March 28, 2024

Economic Scene: G.O.P. Insists Making Poor People Work Lifts Them Up. Where’s the Proof?

Republicans were motivated, of course, by doctrine. “Much of the Republican welfare reform policy was based on values,” wrote Ron Haskins, one of the top architects of the Republican welfare strategy that Mr. Clinton signed into law, in his insider tell-all “Work Over Welfare: The Inside Story of the 1996 Welfare Reform Law.”

Research into the potential effects of ending welfare as America then knew it seems to have played only a bit role.

What motivates Republicans today? Raw dogma? They cannot be hoping to pay for their tax cuts by cutting nutrition benefits. Other than Medicare and Social Security, there is no program in the meager social safety net with enough money to pay for those.

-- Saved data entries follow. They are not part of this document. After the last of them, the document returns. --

lemma cylinder_of_eq_iff:
  assumes d: "d > 0" and "p \<in> cyl_pts d v" "q \<in> cyl_pts d v"
  shows "cylinder_of d v p = cylinder_of d v q \<longleftrightarrow>
           cylinder_invariant d v p = cylinder_invariant d v q"
proof -
  have "cylinder_of d v p = cylinder_of d v q \<longleftrightarrow> equivclp (cyl_step d v) p q"
  proof
    assume "cylinder_of d v p = cylinder_of d v q"
    then show "equivclp (cyl_step d v) p q"
      using self_in_cylinder_of[of q d v] unfolding cylinder_of_def by blast
  next
    assume "equivclp (cyl_step d v) p q"
    then show "cylinder_of d v p = cylinder_of d v q"
      unfolding cylinder_of_def by (blast intro: equivclp_trans equivclp_sym)
  qed
  then show ?thesis using equivclp_iff_cylinder_invariant[OF assms] by simp
qed

definition monodromy_cylinders :: "nat \<Rightarrow> complex \<Rightarrow> int \<Rightarrow> (int \<times> complex) set set" where
  "monodromy_cylinders d v s = {C \<in> max_cylinders d v. \<forall>p\<in>C. monodromy v (Im (snd p)) = s}"

lemma max_cylinders_in_monodromy_cylinders:
  assumes "d > 0" "C \<in> max_cylinders d v"
  obtains y where "regular_height v y" "C \<in> monodromy_cylinders d v (monodromy v y)"
proof -
  obtain p where p: "p \<in> cyl_pts d v" "C = cylinder_of d v p"
    using assms(2) unfolding max_cylinders_eq_image by blast
  then have "regular_height v (Im (snd p))" using cyl_pts_iff[OF assms(1)] by blast
  moreover have "C \<in> monodromy_cylinders d v (monodromy v (Im (snd p)))"
    using mem_cylinder_of[OF assms(1) p(1)] assms(2) p(2)
    unfolding monodromy_cylinders_def cylinder_invariant_def by auto
  ultimately show thesis by (rule that)
qed

lemma monodromy_cylinders_disjoint:
  "s \<noteq> s' \<Longrightarrow> monodromy_cylinders d v s \<inter> monodromy_cylinders d v s' = {}"
  unfolding monodromy_cylinders_def max_cylinders_eq_image
  using self_in_cylinder_of by fastforce
(* Let $(P,(J_c)_{c\in\mathcal C})$ be an existential doctrinal site and $J_\rtimes$ its existential topology on $\mathcal C\rtimes P$. Then the geometric completion $\mathfrak I(P,J_\rtimes)$ is isomorphic to the point-wise ideal completion of $P$: namely, to the doctrine sending $c\in\mathcal C$ to the frame $J_c\text{-}\mathrm{Idl}(P(c))$ and sending $f:d\to c$ to the map $J_c\text{-}\mathrm{Idl}(P(c))\to J_d\text{-}\mathrm{Idl}(P(d))$, $I\mapsto\{y\in P(d):\exists_f y\in I\}$.
   Context: For a doctrine $P:\mathcal C^{op}\to\mathbf{PreOrd}$, $\mathcal C\rtimes P$ has objects $(c,x)$, $x\in P(c)$, and morphisms $f:(c,x)\to(d,y)$ the $f:c\to d$ in $\mathcal C$ with $x\le P(f)(y)$. Existential doctrinal site: a doctrine $P$ such that for each $f:d\to c$ in $\mathcal C$, $P(f):P(c)\to P(d)$ has a left adjoint $\exists_f:P(d)\to P(c)$, together with a Grothendieck topology $J_c$ on each preorder $P(c)$ (viewed as a category) such that each $\exists_f$ sends $J_d$-covering sieves to $J_c$-covering families, satisfying: (relative Frobenius) for each sieve $S$ on $(d,y)$ in $\mathcal C\rtimes P$ such that $\{\exists_f z\le y: (f:(c,z)\to(d,y))\in S\}$ generates a $J_d$-covering sieve on $y$, and each $x\le y$ in $P(d)$, the family $\{\exists_f z\le x: (f:(c,z)\to(d,y))\in S,\ z\le P(f)(x)\}$ generates a $J_d$-covering sieve on $x$; (relative Beck–Chevalley) for each such $S$ and each $h:e\to d$ in $\mathcal C$, the family $\{\exists_gz\le P(h)(y): g:(c,z)\to(e,P(h)(y))\text{ in }\mathcal C\rtimes P,\ h\circ g\in S\}$ generates a $J_e$-covering sieve on $P(h)(y)$. The existential topology $J_\rtimes$ on $\mathcal C\rtimes P$: a sieve $\{f_i:(c_i,x_i)\to(d,y)\}_i$ is $J_\rtimes$-covering iff $\{\exists_{f_i}x_i\le y\}_i$ generates a $J_d$-covering sieve on $y$. For a preorder $Q$ with Grothendieck topology $K$, $K\text{-}\mathrm{Idl}(Q)$ is the frame, ordered by inclusion, of down-sets $I\subseteq Q$ that are $K$-closed: if $\{y_j\le x\}$ generates a $K$-covering sieve on $x$ and all $y_j\in I$ then $x\in I$. Geometric completion $\mathfrak I(P,J)$ for a topology $J$ on $\mathcal C\rtimes P$: $\mathfrak I(P,J)(c)$ is the inclusion-ordered set of sets $S$ of pairs $(f,x)$, $f:d\to c$, $x\in P(d)$ such that (a) $(f,x)\in S$, $g:e\to d$, $y\le P(g)(x)$ imply $(f\circ g,y)\in S$; (b) if $\{h_i:(e_i,y_i)\to(d,x)\}$ is $J$-covering and all $(f\circ h_i,y_i)\in S$ then $(f,x)\in S$; with $\mathfrak I(P,J)(f)(S)=\{(g,y):(f\circ g,y)\in S\}$. *)

theory Defs
  imports Main
begin

record ('o,'m) cat =
  obj   :: "'o set"
  arr   :: "'m set"
  cdom  :: "'m \<Rightarrow> 'o"
  ccod  :: "'m \<Rightarrow> 'o"
  ccomp :: "'m \<Rightarrow> 'm \<Rightarrow> 'm"   (* ccomp g f = g \<circ> f, f first *)
  cid   :: "'o \<Rightarrow> 'm"

definition is_category :: "('o,'m) cat \<Rightarrow> bool" where
  "is_category C \<longleftrightarrow>
     (\<forall>f\<in>arr C. cdom C f \<in> obj C \<and> ccod C f \<in> obj C) \<and>
     (\<forall>c\<in>obj C. cid C c \<in> arr C \<and> cdom C (cid C c) = c \<and> ccod C (cid C c) = c) \<and>
     (\<forall>f\<in>arr C. \<forall>g\<in>arr C. ccod C f = cdom C g \<longrightarrow>
        ccomp C g f \<in> arr C \<and> cdom C (ccomp C g f) = cdom C f \<and> ccod C (ccomp C g f) = ccod C g) \<and>
     (\<forall>f\<in>arr C. ccomp C f (cid C (cdom C f)) = f \<and> ccomp C (cid C (ccod C f)) f = f) \<and>
     (\<forall>f\<in>arr C. \<forall>g\<in>arr C. \<forall>h\<in>arr C. ccod C f = cdom C g \<longrightarrow> ccod C g = cdom C h \<longrightarrow>
        ccomp C h (ccomp C g f) = ccomp C (ccomp C h g) f)"

record ('o,'m,'x) doctrine =
  carr  :: "'o \<Rightarrow> 'x set"
  leq   :: "'o \<Rightarrow> 'x \<Rightarrow> 'x \<Rightarrow> bool"
  reidx :: "'m \<Rightarrow> 'x \<Rightarrow> 'x"             (* P(f) : P(cod f) \<rightarrow> P(dom f) *)
theorem mainTheorem5:
  fixes p q :: real and hh :: "nat \<Rightarrow> nat \<times> nat \<Rightarrow> real \<Rightarrow> real"
    and M N :: nat and B :: "(nat \<times> nat) set" and f :: "real \<Rightarrow> real"
  assumes p: "1 < p" and q: "q = p / (p - 1)"
    and hh_meas: "\<And>n I. 1 \<le> n \<Longrightarrow> I \<in> Dupto (n - 1) \<Longrightarrow> hh n I \<in> borel_measurable U01"
    and hh_Lp: "\<And>n I. 1 \<le> n \<Longrightarrow> I \<in> Dupto (n - 1) \<Longrightarrow>
                   integrable U01 (\<lambda>x. \<bar>hh n I x\<bar> powr p)"
    and hh_distr: "\<And>n. 1 \<le> n \<Longrightarrow>
                   distr U01 (vecspace n) (hvec n hh) = distr U01 (vecspace n) (haarvec n)"
    and hh_indep: "prob_space.indep_vars U01 vecspace (\<lambda>n. hvec n hh) {1..}"
    and MN: "N < M"
    and B: "B \<subseteq> Dlev N"
    and f_meas: "f \<in> borel_measurable U01"
    and f_Lq: "integrable U01 (\<lambda>x. \<bar>f x\<bar> powr q)"
    and f_mean: "(LINT x|U01. f x) = 0"
  shows "measure_pmf.expectation (pmf_of_set (PiE B (\<lambda>_. {-1, 1::real})))
            (\<lambda>\<theta>. pair01 f (\<lambda>x. \<Sum>K\<in>B. \<theta> K * hh M K x)) = 0
       \<and> measure_pmf.variance (pmf_of_set (PiE B (\<lambda>_. {-1, 1::real})))
            (\<lambda>\<theta>. pair01 f (\<lambda>x. \<Sum>K\<in>B. \<theta> K * hh M K x))
         \<le> (Lnorm q f)\<^sup>2 * (measure lborel (\<Union>K\<in>B. dyint K)) powr (1 / p)
             * 2 powr (- real N / p)"
proof -
  interpret haar_copy_pairing p q hh M N f
    using p q hh_meas hh_distr MN f_meas f_Lq by unfold_locales auto
  have finB: "finite B" using B finite_Dlev finite_subset by blast
  define a where "a K = pair01 f (hh M K)" for K
  define L where "L = Lnorm q f"
  define \<mu> where "\<mu> = measure lborel (\<Union>K\<in>B. dyint K)"
  have Y: "pair01 f (\<lambda>x. \<Sum>K\<in>B. \<theta> K * hh M K x) = (\<Sum>K\<in>B. \<theta> K * a K)" for \<theta>
    using pair01_sum_hh[OF B] by (simp add: a_def)
  have "measure_pmf.variance (pmf_of_set (sign_vectors B)) (\<lambda>\<theta>. \<Sum>K\<in>B. \<theta> K * a K)
          = (\<Sum>K\<in>B. (a K)\<^sup>2)"
    using variance_Rademacher_sum[OF finB] .
  also have "\<dots> \<le> L * 2 powr (- real N / p) * (\<Sum>K\<in>B. \<bar>a K\<bar>)"
    using B abs_pair01_hh_le by (intro sum_power2_le_mult_sum_abs) (auto simp: a_def L_def)
  also have "\<dots> \<le> L * 2 powr (- real N / p) * (L * \<mu> powr (1/p))"
    using sum_abs_pair01_hh_le[OF B] by (intro mult_left_mono) (auto simp: a_def L_def \<mu>_def Lnorm_def)
  also have "\<dots> = L\<^sup>2 * \<mu> powr (1/p) * 2 powr (- real N / p)"
    by (simp add: power2_eq_square)
  finally show ?thesis
    unfolding Y L_def[symmetric] \<mu>_def[symmetric] using expectation_Rademacher_sum[OF finB] by blast
qed

end
(* If a central extension $0\to(M,\alpha_M)\to(K,\alpha_K)\xrightarrow{\pi}(L,\alpha_L)\to0$ of Hom-Leibniz $n$-algebras is a universal $\alpha$-central extension, then $(K,\alpha_K)$ is perfect and every central extension $\rho:(F,\alpha_F)\to(K,\alpha_K)$ of $(K,\alpha_K)$ splits (there is a homomorphism $\sigma:K\to F$ with $\rho\circ\sigma=\mathrm{id}_K$).
   Context: Fix a field $\mathbb K$ and $n\ge2$. A (multiplicative) Hom-Leibniz $n$-algebra is a $\mathbb K$-vector space $L$ with an $n$-linear bracket and a linear map $\alpha_L$ preserving the bracket, satisfying $[[x_1,\dots,x_n],\alpha_L(y_1),\dots,\alpha_L(y_{n-1})]=\sum_{i=1}^n[\alpha_L(x_1),\dots,[x_i,y_1,\dots,y_{n-1}],\dots,\alpha_L(x_n)]$. Homomorphisms preserve brackets and commute with twisting maps. Perfect: $K=[K,\dots,K]$. Center $Z(K)$: elements $x$ such that every bracket with $x$ in some position equals $0$. An extension of $L$ is a surjective homomorphism $\pi:K\to L$ with kernel $M$; central if $M\subseteq Z(K)$; $\alpha$-central if every bracket with $n-1$ entries in $\alpha_K(M)$ and the remaining entry (any position) in $K$ vanishes. A central extension $\pi$ is universal $\alpha$-central if for every $\alpha$-central extension $\pi':K'\to L$ there is a unique homomorphism $h:K\to K'$ with $\pi'\circ h=\pi$. *)

theory Defs
  imports Main "HOL.Vector_Spaces" "HOL-Library.Product_Plus"
begin

text \<open>A Hom-Leibniz n-algebra over a field of type 'a is represented by a type 'v
(the underlying vector space, with scalar multiplication s), an n-ary bracket
br, taking a list of n arguments, and a twisting map al.\<close>

definition nlinear :: "nat \<Rightarrow> ('a::field \<Rightarrow> 'v::ab_group_add \<Rightarrow> 'v) \<Rightarrow> ('v list \<Rightarrow> 'v) \<Rightarrow> bool" where
  "nlinear n s br \<longleftrightarrow>
     (\<forall>xs i. length xs = n \<and> i < n \<longrightarrow> Vector_Spaces.linear s s (\<lambda>y. br (xs[i := y])))"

I have suggested that Mr. Trump’s approach to welfare might be calibrated to appeal to the white blue-collar voters in his base who feel that anti-poverty programs amount to using their taxes to help undeserving black and Hispanic recipients.

Let’s assume, for the sake of argument, that the president and congressional Republicans honestly want to tweak welfare to improve the lot of poor Americans; to build a safety net that revolves around work but also provides help when work can’t be had.

There is, in fact, a lot of research on what works and what doesn’t. Much of it was carried out by MDRC, which starting in the late 1980s conducted more than a dozen experiments in cities around the country to explore the consequences of different paths from welfare to work.

Here are some thoughts: Rather than threatening workers to get them to join the work force, offer carrots instead. The earned-income tax credit, for instance, which increases the incomes of workers on low wages, has done a great job not only in drawing single mothers into the work force but in improving their incomes as well, delivering additional benefits for their children.

MDRC also identified a series of programs to “make work pay.” Spending real money on training has been found to help workers escape dead-end jobs at low wages. I am not optimistic that these ideas will find their way into the policy mix, however. They just don’t fit in the Republican system of belief.